lemma card_with_edges_eq_Y:
  "a \<noteq> b \<Longrightarrow> real (card {G \<in> kgraphs_deg n k d. K \<union> {a} \<in> G \<and> K \<union> {b} \<in> G})
    = Y n k a K b d * real (Ncount n k d)"
  by (cases "Ncount n k d = 0") (auto simp: Y_def Ncount_def finite_kgraphs_deg)

lemma card_with_edge_eq_Ncount_diff:
  assumes "S \<in> ksub (verts n) k"
  shows "real (card {G \<in> kgraphs_deg n k d. S \<in> G})
       = real (Ncount n k (d - ev S)) * (1 - Pe n k S (d - ev S))"
proof -
  have "card {G \<in> kgraphs_deg n k d. S \<in> G} = card {H \<in> kgraphs_deg n k (d - ev S). S \<notin> H}"
    using card_with_edge_eq_card_without_edge[OF assms, where d = d and Q = "\<lambda>_. True"] by simp
  moreover have "Ncount n k (d - ev S)
      = card {H \<in> kgraphs_deg n k (d - ev S). S \<in> H} + card {H \<in> kgraphs_deg n k (d - ev S). S \<notin> H}"
    using card_filter_split[OF finite_kgraphs_deg, where Q = "\<lambda>_. True"] unfolding Ncount_def by simp
  ultimately show ?thesis
    using card_with_edge_eq_Pe[of n k "d - ev S" S] by (simp add: algebra_simps)
qed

--------------------

• TASK PROMPT:
All that is wanted is a faithful reproduction of the line above with "ksub (verts n)", the line with "ultimately show ?thesis", and every line in between.

• WORKED SOLUTION:
  assumes "S \<in> ksub (verts n) k"
  shows "real (card {G \<in> kgraphs_deg n k d. S \<in> G})
       = real (Ncount n k (d - ev S)) * (1 - Pe n k S (d - ev S))"
proof -
  have "card {G \<in> kgraphs_deg n k d. S \<in> G} = card {H \<in> kgraphs_deg n k (d - ev S). S \<notin> H}"
    using card_with_edge_eq_card_without_edge[OF assms, where d = d and Q = "\<lambda>_. True"] by simp
  moreover have "Ncount n k (d - ev S)
      = card {H \<in> kgraphs_deg n k (d - ev S). S \<in> H} + card {H \<in> kgraphs_deg n k (d - ev S). S \<notin> H}"
    using card_filter_split[OF finite_kgraphs_deg, where Q = "\<lambda>_. True"] unfolding Ncount_def by simp
  ultimately show ?thesis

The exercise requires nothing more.